**Data provided**

(* Consider the planar Maxwell-ring potential described in the context with $\mu=0$ and $\alpha\ge 1$. Then the origin $u_0=0$ is a critical point of $V$. Moreover, for $n\ge3$, $D^2V(0)=\lambda I$ for some $\lambda>0$.
   Context: Let $n\ge 2$, $\zeta=2\pi/n$, $\mu\ge0$, $\phi_\alpha'(r)=-r^{-\alpha}$, and $s=2^{-\alpha}\sum_{j=1}^{n-1}\sin^{-(\alpha-1)}(j\zeta/2)$. The (rescaled) planar potential of a satellite attracted by $n$ unit masses at the vertices $e^{ij\zeta}$ of a regular polygon and a central mass $\mu$ at $0$ (identifying $\mathbb{R}^2=\mathbb{C}$) is $$V(u)=\frac12\|u\|^2+\sum_{j=1}^n\frac1{s+\mu}\phi_\alpha(\|u-e^{ij\zeta}\|)+\frac{\mu}{s+\mu}\phi_\alpha(\|u\|);$$ for $\mu=0$ the last term is absent. *)

theory Defs
  imports "HOL-Analysis.Analysis"
begin

text \<open>A primitive of phi_alpha' r = - r^(-alpha) (additive constant irrelevant).\<close>
definition phi :: "real \<Rightarrow> real \<Rightarrow> real" where
  "phi \<alpha> r = (if \<alpha> = 1 then - ln r else r powr (1 - \<alpha>) / (\<alpha> - 1))"

definition zeta :: "nat \<Rightarrow> real" where
  "zeta n = 2 * pi / real n"

definition sconst :: "nat \<Rightarrow> real \<Rightarrow> real" where
  "sconst n \<alpha> = 2 powr (- \<alpha>) *
     (\<Sum>j = 1..n - 1. sin (real j * zeta n / 2) powr (- (\<alpha> - 1)))"

definition maxwellV :: "nat \<Rightarrow> real \<Rightarrow> real \<Rightarrow> complex \<Rightarrow> real" where
  "maxwellV n \<alpha> \<mu> u =
     1/2 * (norm u)\<^sup>2
     + (\<Sum>j = 1..n. phi \<alpha> (norm (u - cis (real j * zeta n))) / (sconst n \<alpha> + \<mu>))
     + (if \<mu> = 0 then 0 else \<mu> / (sconst n \<alpha> + \<mu>) * phi \<alpha> (norm u))"

end

theory Submission
  imports Defs
begin

text \<open>
  With \<open>\<mu> = 0\<close> the gradient of \<open>V\<close> is \<open>u + s\<^sup>-\<^sup>1 \<Sum>\<^sub>j g(w\<^sub>j, u)\<close>, where \<open>w\<^sub>j\<close> are the
  \<open>n\<close>-th roots of unity and \<open>g(w, u) = -|u - w|\<^sup>-\<^sup>\<alpha>\<^sup>-\<^sup>1 (u - w)\<close> is the gradient of
  \<open>u \<mapsto> \<phi>\<^sub>\<alpha>(|u - w|)\<close>. At the origin \<open>g(w\<^sub>j, 0) = w\<^sub>j\<close>, and the roots of unity sum to
  zero, so the origin is critical. The derivative of \<open>g(w, \<cdot>)\<close> at the origin is
  \<open>-I + (\<alpha> + 1) w w\<^sup>T\<close>; for \<open>n \<ge> 3\<close> also the squares \<open>w\<^sub>j\<^sup>2\<close> sum to zero, which gives
  \<open>\<Sum>\<^sub>j w\<^sub>j w\<^sub>j\<^sup>T = (n/2) I\<close>. Hence \<open>D\<^sup>2V(0) = (1 + (\<alpha> - 1) n / (2 s)) I\<close>, a positive
  multiple of the identity since \<open>s > 0\<close> and \<open>\<alpha> \<ge> 1\<close>.
\<close>

lemma phi_has_real_derivative:
  assumes "r > 0"
  shows "(phi \<alpha> has_real_derivative - (r powr - \<alpha>)) (at r)"
proof (cases "\<alpha> = 1")
  case True
  then have "phi \<alpha> = (\<lambda>r. - ln r)" by (auto simp: phi_def)
  then show ?thesis using assms True
    by (auto intro!: derivative_eq_intros simp: powr_minus divide_simps)
next
  case False
  then have "phi \<alpha> = (\<lambda>r. r powr (1 - \<alpha>) / (\<alpha> - 1))" by (auto simp: phi_def)
  moreover have "(1 - \<alpha>) * r powr - \<alpha> / (\<alpha> - 1) = - (r powr - \<alpha>)"
    using False by (simp add: field_simps)
  ultimately show ?thesis
    using DERIV_cdivide[OF has_real_derivative_powr[OF assms, of "1 - \<alpha>"], of "\<alpha> - 1"] by simp
qed

definition phi_grad :: "real \<Rightarrow> 'a::real_inner \<Rightarrow> 'a \<Rightarrow> 'a" where
  "phi_grad \<alpha> w u = (- (norm (u - w) powr (- \<alpha> - 1))) *\<^sub>R (u - w)"

lemma norm_diff_has_derivative:
  fixes w :: "'a::real_inner"
  assumes "u \<noteq> w"
  shows "((\<lambda>u. norm (u - w)) has_derivative (\<lambda>h. h \<bullet> sgn (u - w))) (at u)"
proof -
  have "((\<lambda>u. u - w) has_derivative (\<lambda>h. h)) (at u)" by (auto intro!: derivative_eq_intros)
  from has_derivative_compose[OF this has_derivative_norm] assms show ?thesis by simp
qed

lemma phi_dist_has_derivative:
  fixes w :: "'a::real_inner"
  assumes "u \<noteq> w"
  shows "((\<lambda>u. phi \<alpha> (norm (u - w))) has_derivative (\<lambda>h. phi_grad \<alpha> w u \<bullet> h)) (at u)"
proof -
  have r: "norm (u - w) > 0" using assms by simp
  have "((\<lambda>u. phi \<alpha> (norm (u - w))) has_derivative
      (\<lambda>h. - (norm (u - w) powr - \<alpha>) * (h \<bullet> sgn (u - w)))) (at u)"
    using has_derivative_compose[OF norm_diff_has_derivative[OF assms]
        phi_has_real_derivative[OF r, unfolded has_field_derivative_def]]
    by simp
  moreover have "norm (u - w) powr (- \<alpha> - 1) = norm (u - w) powr - \<alpha> / norm (u - w)"
    using r by (simp add: powr_diff)
  then have "(\<lambda>h. - (norm (u - w) powr - \<alpha>) * (h \<bullet> sgn (u - w))) = (\<lambda>h. phi_grad \<alpha> w u \<bullet> h)"
    using r by (simp add: fun_eq_iff phi_grad_def sgn_div_norm inner_commute divide_simps)
  ultimately show ?thesis by simp
qed

lemma phi_grad_has_derivative:
  fixes w :: "'a::real_inner"
  assumes "u \<noteq> w"
  shows "(phi_grad \<alpha> w has_derivative
     (\<lambda>h. (- (norm (u - w) powr (- \<alpha> - 1))) *\<^sub>R h
        + ((\<alpha> + 1) * norm (u - w) powr (- \<alpha> - 3) * ((u - w) \<bullet> h)) *\<^sub>R (u - w))) (at u)"
proof -
  have r: "norm (u - w) > 0" using assms by simp
  have chain: "((\<lambda>u. norm (u - w) powr (- \<alpha> - 1)) has_derivative
      (\<lambda>h. (- \<alpha> - 1) * norm (u - w) powr (- \<alpha> - 1 - 1) * (h \<bullet> sgn (u - w)))) (at u)"
    using has_derivative_compose[OF norm_diff_has_derivative[OF assms]
        has_real_derivative_powr[OF r, of "- \<alpha> - 1", unfolded has_field_derivative_def]]
    by (simp add: mult_ac)
  have "norm (u - w) powr (- \<alpha> - 1 - 1) = norm (u - w) powr (- \<alpha> - 3) * norm (u - w)"
    using r powr_add[of "norm (u - w)" "- \<alpha> - 3" 1] by simp
  then have "((\<lambda>u. norm (u - w) powr (- \<alpha> - 1)) has_derivative
      (\<lambda>h. (- \<alpha> - 1) * norm (u - w) powr (- \<alpha> - 3) * ((u - w) \<bullet> h))) (at u)"
    using r by (intro has_derivative_eq_rhs[OF chain]) (simp add: fun_eq_iff sgn_div_norm inner_commute)
  from has_derivative_scaleR[OF has_derivative_minus[OF this]
      has_derivative_diff[OF has_derivative_ident has_derivative_const[of w]]]
  show ?thesis unfolding phi_grad_def
    by (rule has_derivative_eq_rhs) (simp add: fun_eq_iff algebra_simps)
qed

lemma phi_grad_at_origin: "norm w = 1 \<Longrightarrow> phi_grad \<alpha> w 0 = w"
  by (simp add: phi_grad_def)

lemma phi_grad_has_derivative_at_origin:
  assumes "norm w = 1"
  shows "(phi_grad \<alpha> w has_derivative (\<lambda>h. - h + ((\<alpha> + 1) * (w \<bullet> h)) *\<^sub>R w)) (at 0)"
proof -
  have "0 \<noteq> w" using assms by auto
  from phi_grad_has_derivative[OF this, of \<alpha>] show ?thesis
    by (rule has_derivative_eq_rhs) (simp add: fun_eq_iff assms)
qed

lemma cis_neq_1:
  assumes "0 < x" "x < 2 * pi"
  shows "cis x \<noteq> 1"
proof
  assume "cis x = 1"
  then have "cos x = 1" by (simp add: complex_eq_iff)
  moreover have "sin (x / 2) > 0" using assms by (intro sin_gt_zero) auto
  moreover have "cos x = 1 - 2 * sin (x / 2) ^ 2" using cos_double_sin[of "x / 2"] by simp
  ultimately show False by simp
qed

lemma sum_roots_of_unity_power:
  assumes "1 \<le> k" "k < n"
  shows "(\<Sum>j = 1..n. cis (real j * zeta n) ^ k) = 0"
proof -
  define z where "z = cis (real k * zeta n)"
  have n: "real n > 0" using assms by simp
  have powers: "cis (real j * zeta n) ^ k = z ^ j" for j
    unfolding z_def by (simp only: Complex.DeMoivre) (simp add: mult_ac)
  have "z ^ n = cis (real k * (2 * pi))"
    using n by (simp add: z_def Complex.DeMoivre zeta_def)
  also have "\<dots> = 1" by (simp add: Complex.DeMoivre[symmetric])
  finally have zn: "z ^ n = 1" .
  have "real k / real n < 1" using assms by simp
  then have "z \<noteq> 1"
    unfolding z_def using assms n by (intro cis_neq_1) (auto simp: zeta_def field_simps)
  then have "(\<Sum>j = 1..n. z ^ j) = (z - z ^ Suc n) / (1 - z)"
    using assms by (subst sum_gp) auto
  then show ?thesis using zn by (simp add: powers)
qed

lemma sconst_pos:
  assumes "n \<ge> 2"
  shows "sconst n \<alpha> > 0"
proof -
  have "sin (real j * zeta n / 2) > 0" if "j \<in> {1..n - 1}" for j
  proof (rule sin_gt_zero)
    show "0 < real j * zeta n / 2" using that assms by (simp add: zeta_def)
    have "real j / real n < 1" using that assms by auto
    then show "real j * zeta n / 2 < pi" using assms by (simp add: zeta_def field_simps)
  qed
  then have "(\<Sum>j = 1..n - 1. sin (real j * zeta n / 2) powr (- (\<alpha> - 1))) > 0"
    using assms by (intro sum_pos) force+
  then show ?thesis unfolding sconst_def by simp
qed

text \<open>Via conjugation, sums of the rank-one maps \<open>h \<mapsto> (w \<bullet> h) w\<close> reduce to power sums of the \<open>w\<close>.\<close>

lemma inner_scaleR_cis:
  "(cis t \<bullet> h) *\<^sub>R cis t = (1 / 2) *\<^sub>R h + (1 / 2) *\<^sub>R (cis t ^ 2 * cnj h)"
proof -
  have sin_sq: "sin t * sin t = 1 - cos t * cos t"
    using sin_cos_squared_add[of t] by (simp add: power2_eq_square)
  show ?thesis
    by (simp add: complex_eq_iff inner_complex_def Complex.DeMoivre cos_double sin_double
        algebra_simps power2_eq_square sin_sq)
qed

lemma sum_inner_scaleR_roots_of_unity:
  assumes "n \<ge> 3"
  shows "(\<Sum>j = 1..n. (cis (real j * zeta n) \<bullet> h) *\<^sub>R cis (real j * zeta n)) = (real n / 2) *\<^sub>R h"
proof -
  have "(\<Sum>j = 1..n. (cis (real j * zeta n) \<bullet> h) *\<^sub>R cis (real j * zeta n))
     = of_nat n * ((1 / 2) *\<^sub>R h)
       + (1 / 2) *\<^sub>R ((\<Sum>j = 1..n. cis (real j * zeta n) ^ 2) * cnj h)"
    by (simp add: inner_scaleR_cis sum.distrib scaleR_sum_right sum_distrib_right)
  also have "(\<Sum>j = 1..n. cis (real j * zeta n) ^ 2) = 0"
    using assms by (intro sum_roots_of_unity_power) auto
  finally show ?thesis by (simp add: complex_eq_iff)
qed

definition maxwell_grad :: "nat \<Rightarrow> real \<Rightarrow> complex \<Rightarrow> complex" where
  "maxwell_grad n \<alpha> u =
     u + (1 / sconst n \<alpha>) *\<^sub>R (\<Sum>j = 1..n. phi_grad \<alpha> (cis (real j * zeta n)) u)"

lemma maxwellV_has_derivative:
  assumes "norm u < 1"
  shows "(maxwellV n \<alpha> 0 has_derivative (\<lambda>h. maxwell_grad n \<alpha> u \<bullet> h)) (at u)"
proof -
  have V: "maxwellV n \<alpha> 0 = (\<lambda>u. 1 / 2 * (norm u)\<^sup>2
      + 1 / sconst n \<alpha> * (\<Sum>j = 1..n. phi \<alpha> (norm (u - cis (real j * zeta n)))))"
    by (simp add: maxwellV_def fun_eq_iff sum_divide_distrib)
  have "((\<lambda>u. 1 / 2 * (norm u)\<^sup>2) has_derivative (\<lambda>h. u \<bullet> h)) (at u)"
    unfolding power2_norm_eq_inner
    by (rule has_derivative_eq_rhs) (auto intro!: derivative_eq_intros simp: inner_commute)
  moreover have "u \<noteq> cis (real j * zeta n)" for j using assms by auto
  then have "((\<lambda>u. \<Sum>j = 1..n. phi \<alpha> (norm (u - cis (real j * zeta n)))) has_derivative
      (\<lambda>h. \<Sum>j = 1..n. phi_grad \<alpha> (cis (real j * zeta n)) u \<bullet> h)) (at u)"
    by (intro has_derivative_sum phi_dist_has_derivative)
  ultimately show ?thesis unfolding V
    by (rule has_derivative_eq_rhs[OF has_derivative_add[OF _ has_derivative_mult_right]])
       (simp add: maxwell_grad_def fun_eq_iff inner_add_left inner_sum_left)
qed

lemma maxwell_grad_at_origin:
  assumes "n \<ge> 2"
  shows "maxwell_grad n \<alpha> 0 = 0"
  using sum_roots_of_unity_power[of 1 n] assms
  by (simp add: maxwell_grad_def phi_grad_at_origin)

lemma maxwell_grad_has_derivative_at_origin:
  assumes "n \<ge> 3"
  shows "(maxwell_grad n \<alpha> has_derivative
     (\<lambda>h. (1 + (\<alpha> - 1) * real n / (2 * sconst n \<alpha>)) *\<^sub>R h)) (at 0)"
proof -
  define s where "s = sconst n \<alpha>"
  define w where "w j = cis (real j * zeta n)" for j
  have "s > 0" using sconst_pos[of n \<alpha>] assms by (simp add: s_def)
  have "(phi_grad \<alpha> (w j) has_derivative (\<lambda>h. - h + ((\<alpha> + 1) * (w j \<bullet> h)) *\<^sub>R w j)) (at 0)"
    for j by (rule phi_grad_has_derivative_at_origin) (simp add: w_def)
  then have "((\<lambda>u. \<Sum>j = 1..n. phi_grad \<alpha> (w j) u) has_derivative
      (\<lambda>h. \<Sum>j = 1..n. - h + ((\<alpha> + 1) * (w j \<bullet> h)) *\<^sub>R w j)) (at 0)"
    by (rule has_derivative_sum)
  from has_derivative_add[OF has_derivative_ident has_derivative_scaleR_right[OF this, of "1 / s"]]
  have "(maxwell_grad n \<alpha> has_derivative
      (\<lambda>h. h + (1 / s) *\<^sub>R (\<Sum>j = 1..n. - h + ((\<alpha> + 1) * (w j \<bullet> h)) *\<^sub>R w j))) (at 0)"
    by (simp only: maxwell_grad_def[abs_def] s_def w_def)
  moreover have "h + (1 / s) *\<^sub>R (\<Sum>j = 1..n. - h + ((\<alpha> + 1) * (w j \<bullet> h)) *\<^sub>R w j)
      = (1 + (\<alpha> - 1) * real n / (2 * s)) *\<^sub>R h" for h
  proof -
    have "(\<Sum>j = 1..n. - h + ((\<alpha> + 1) * (w j \<bullet> h)) *\<^sub>R w j)
        = - (of_nat n * h) + (\<alpha> + 1) *\<^sub>R (\<Sum>j = 1..n. (w j \<bullet> h) *\<^sub>R w j)"
      by (simp add: sum.distrib scaleR_sum_right sum_subtractf)
    also have "(\<Sum>j = 1..n. (w j \<bullet> h) *\<^sub>R w j) = (real n / 2) *\<^sub>R h"
      unfolding w_def using sum_inner_scaleR_roots_of_unity[OF assms] .
    finally have sum_eq: "(\<Sum>j = 1..n. - h + ((\<alpha> + 1) * (w j \<bullet> h)) *\<^sub>R w j)
        = - (of_nat n * h) + (\<alpha> + 1) *\<^sub>R ((real n / 2) *\<^sub>R h)" .
    show ?thesis unfolding sum_eq using \<open>s > 0\<close> by (simp add: complex_eq_iff field_simps)
  qed
  ultimately show ?thesis by (simp add: s_def)
qed

theorem mainTheorem7:
  fixes n :: nat and \<alpha> :: real
  assumes "n \<ge> 2" and "\<alpha> \<ge> 1"
  shows "(maxwellV n \<alpha> 0 has_derivative (\<lambda>h. 0)) (at 0)
    \<and> (n \<ge> 3 \<longrightarrow>
        (\<exists>G :: complex \<Rightarrow> complex. \<exists>c :: real. c > 0 \<and>
           (\<forall>\<^sub>F u in nhds 0. (maxwellV n \<alpha> 0 has_derivative (\<lambda>h. G u \<bullet> h)) (at u)) \<and>
           (G has_derivative (\<lambda>h. c *\<^sub>R h)) (at 0)))"
proof (intro conjI impI)
  show "(maxwellV n \<alpha> 0 has_derivative (\<lambda>h. 0)) (at 0)"
    using maxwellV_has_derivative[of 0 n \<alpha>] maxwell_grad_at_origin[OF assms(1)] by simp
  assume "n \<ge> 3"
  define c where "c = 1 + (\<alpha> - 1) * real n / (2 * sconst n \<alpha>)"
  have "c > 0"
    using sconst_pos[OF assms(1), of \<alpha>] assms(2) unfolding c_def
    by (simp add: add_pos_nonneg)
  moreover have "\<forall>\<^sub>F u in nhds 0. (maxwellV n \<alpha> 0 has_derivative (\<lambda>h. maxwell_grad n \<alpha> u \<bullet> h)) (at u)"
    using eventually_nhds_in_open[of "ball 0 1" 0]
    by (rule eventually_mono) (auto intro: maxwellV_has_derivative)
  ultimately show "\<exists>G c. c > 0 \<and>
      (\<forall>\<^sub>F u in nhds 0. (maxwellV n \<alpha> 0 has_derivative (\<lambda>h. G u \<bullet> h)) (at u)) \<and>
      (G has_derivative (\<lambda>h. c *\<^sub>R h)) (at 0)"
    using maxwell_grad_has_derivative_at_origin[OF \<open>n \<ge> 3\<close>, of \<alpha>] unfolding c_def by blast
qed

end
lemma C_matroidal_mcolon_J_Suc_level:
  assumes "N \<in> G 0"
  shows "C_matroidal n (mcolon n (J (Suc (level N))) N)"
proof -
  let ?A = "v ` {1..Suc (level N)}"
  have "?A \<subseteq> v ` {1..c}" using level(1)[OF assms] by auto
  hence "v ` {1..c} - ?A \<in> contract B ?A" using basis unfolding contract_def by blast
  hence "matroid {1..n} (contract B ?A)" using matroid_contract[OF matroid] by blast
  moreover have "N \<in> rmonos n" using assms J_rmonos unfolding mingens_def by blast
  ultimately show ?thesis
    using C_matroidal_mcolon_Jmat[OF order_refl] not_in_J_Suc_level[OF assms]
    unfolding J_eq by blast
qed

end

theorem corollary4p12:
  fixes n c :: nat and B :: "nat set set" and v :: "nat \<Rightarrow> nat"
    and r :: "(mono \<times> mono) set" and N :: mono
  assumes "matroid {1..n} B"
    and "matroid_rank_eq B c"
    and "inj_on v {1..c}" and "v ` {1..c} \<in> B"
    and "strict_linear_order_on (mingens (Jmat n B)) r"
    and "N \<in> mingens (Jmat n B)"
    and "N \<noteq> minG n B v c r"
  shows "CN n B v c r N = mcolon n (Jseq n B v (Suc (idx n B v c N))) N
         \<and> C_matroidal n (CN n B v c r N)"
proof -
  interpret ordered_basis n c B v using assms(1,2,4) by unfold_locales
  have N: "N \<in> G 0" using assms(6) J_0 by simp
  have "irrefl r" using assms(5) unfolding strict_linear_order_on_def by blast
  from CN_eq_mcolon[OF this N] C_matroidal_mcolon_J_Suc_level[OF N] show ?thesis by simp
qed

end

**Task requirements**
Output should match, line for line, the stretch of the material above from the line holding "else r powr" through the line holding "zero, so the".

**Result of the task**
  "phi \<alpha> r = (if \<alpha> = 1 then - ln r else r powr (1 - \<alpha>) / (\<alpha> - 1))"

definition zeta :: "nat \<Rightarrow> real" where
  "zeta n = 2 * pi / real n"

definition sconst :: "nat \<Rightarrow> real \<Rightarrow> real" where
  "sconst n \<alpha> = 2 powr (- \<alpha>) *
     (\<Sum>j = 1..n - 1. sin (real j * zeta n / 2) powr (- (\<alpha> - 1)))"

definition maxwellV :: "nat \<Rightarrow> real \<Rightarrow> real \<Rightarrow> complex \<Rightarrow> real" where
  "maxwellV n \<alpha> \<mu> u =
     1/2 * (norm u)\<^sup>2
     + (\<Sum>j = 1..n. phi \<alpha> (norm (u - cis (real j * zeta n))) / (sconst n \<alpha> + \<mu>))
     + (if \<mu> = 0 then 0 else \<mu> / (sconst n \<alpha> + \<mu>) * phi \<alpha> (norm u))"

end

theory Submission
  imports Defs
begin

text \<open>
  With \<open>\<mu> = 0\<close> the gradient of \<open>V\<close> is \<open>u + s\<^sup>-\<^sup>1 \<Sum>\<^sub>j g(w\<^sub>j, u)\<close>, where \<open>w\<^sub>j\<close> are the
  \<open>n\<close>-th roots of unity and \<open>g(w, u) = -|u - w|\<^sup>-\<^sup>\<alpha>\<^sup>-\<^sup>1 (u - w)\<close> is the gradient of
  \<open>u \<mapsto> \<phi>\<^sub>\<alpha>(|u - w|)\<close>. At the origin \<open>g(w\<^sub>j, 0) = w\<^sub>j\<close>, and the roots of unity sum to
  zero, so the origin is critical. The derivative of \<open>g(w, \<cdot>)\<close> at the origin is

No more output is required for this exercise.